• [GOAL OF THE EXERCISE]: Only lines containing the word "longlonglongrightarrow" belong in the answer; copy each one from the records.

(Saved data entries)
(* Let $(u_1,\ldots,u_k)$ be the Frenet $k$-frame of a sequence $\{x_i\}$ in $\mathbb R^n$ converging to $x$. Suppose a simplex $T\subseteq\mathbb R^n$ contains every $x_i$. Then there exist $\lambda_1,\ldots,\lambda_k>0$ such that $T$ contains the simplex $\operatorname{conv}(x,x+\lambda_1u_1,\ldots,x+\lambda_1u_1+\cdots+\lambda_ku_k)$.
   Context: For $y\in\mathbb R^n$ and a linear subspace $L$, $\mathsf{proj}_L(y)$ is the orthogonal projection of $y$ onto $L$. Frenet frame of a sequence: let $\sigma=\{x_i\}$ converge to $x$ and let $(u_1,\ldots,u_k)$ be pairwise orthogonal unit vectors. $u_1$ is the Frenet $1$-frame of $\sigma$ if $x_i\ne x$ for all $i$ and $u_1=\lim_{i}(x_i-x)/\|x_i-x\|$. $(u_1,\ldots,u_k)$ is the Frenet $k$-frame of $\sigma$ if $(u_1,\ldots,u_{k-1})$ is its Frenet $(k-1)$-frame and $u_k=\lim_{i}\frac{x_i-x-\mathsf{proj}_{\mathbb Ru_1+\cdots+\mathbb Ru_{k-1}}(x_i-x)}{\|x_i-x-\mathsf{proj}_{\mathbb Ru_1+\cdots+\mathbb Ru_{k-1}}(x_i-x)\|}$, with all denominators nonzero. *)

theory Defs
  imports "HOL-Analysis.Analysis"
begin

definition proj_sub :: "'a::euclidean_space set \<Rightarrow> 'a \<Rightarrow> 'a" where
  "proj_sub L y = (SOME p. p \<in> L \<and> (\<forall>v\<in>L. inner (y - p) v = 0))"

definition frenet_frame ::
  "(nat \<Rightarrow> 'a::euclidean_space) \<Rightarrow> 'a \<Rightarrow> nat \<Rightarrow> (nat \<Rightarrow> 'a) \<Rightarrow> bool" where
  "frenet_frame xs x k u \<longleftrightarrow>
     xs \<longlonglongrightarrow> x \<and>
     (\<forall>j\<in>{1..k}. norm (u j) = 1) \<and>
     (\<forall>i\<in>{1..k}. \<forall>j\<in>{1..k}. i \<noteq> j \<longrightarrow> inner (u i) (u j) = 0) \<and>
     (\<forall>j\<in>{1..k}.
        let r = (\<lambda>m. xs m - x - proj_sub (span (u ` {1..<j})) (xs m - x))
        in (\<forall>m. r m \<noteq> 0) \<and> ((\<lambda>m. r m /\<^sub>R norm (r m)) \<longlonglongrightarrow> u j))"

• [SOLVED PROBLEM]:
     xs \<longlonglongrightarrow> x \<and>
        in (\<forall>m. r m \<noteq> 0) \<and> ((\<lambda>m. r m /\<^sub>R norm (r m)) \<longlonglongrightarrow> u j))"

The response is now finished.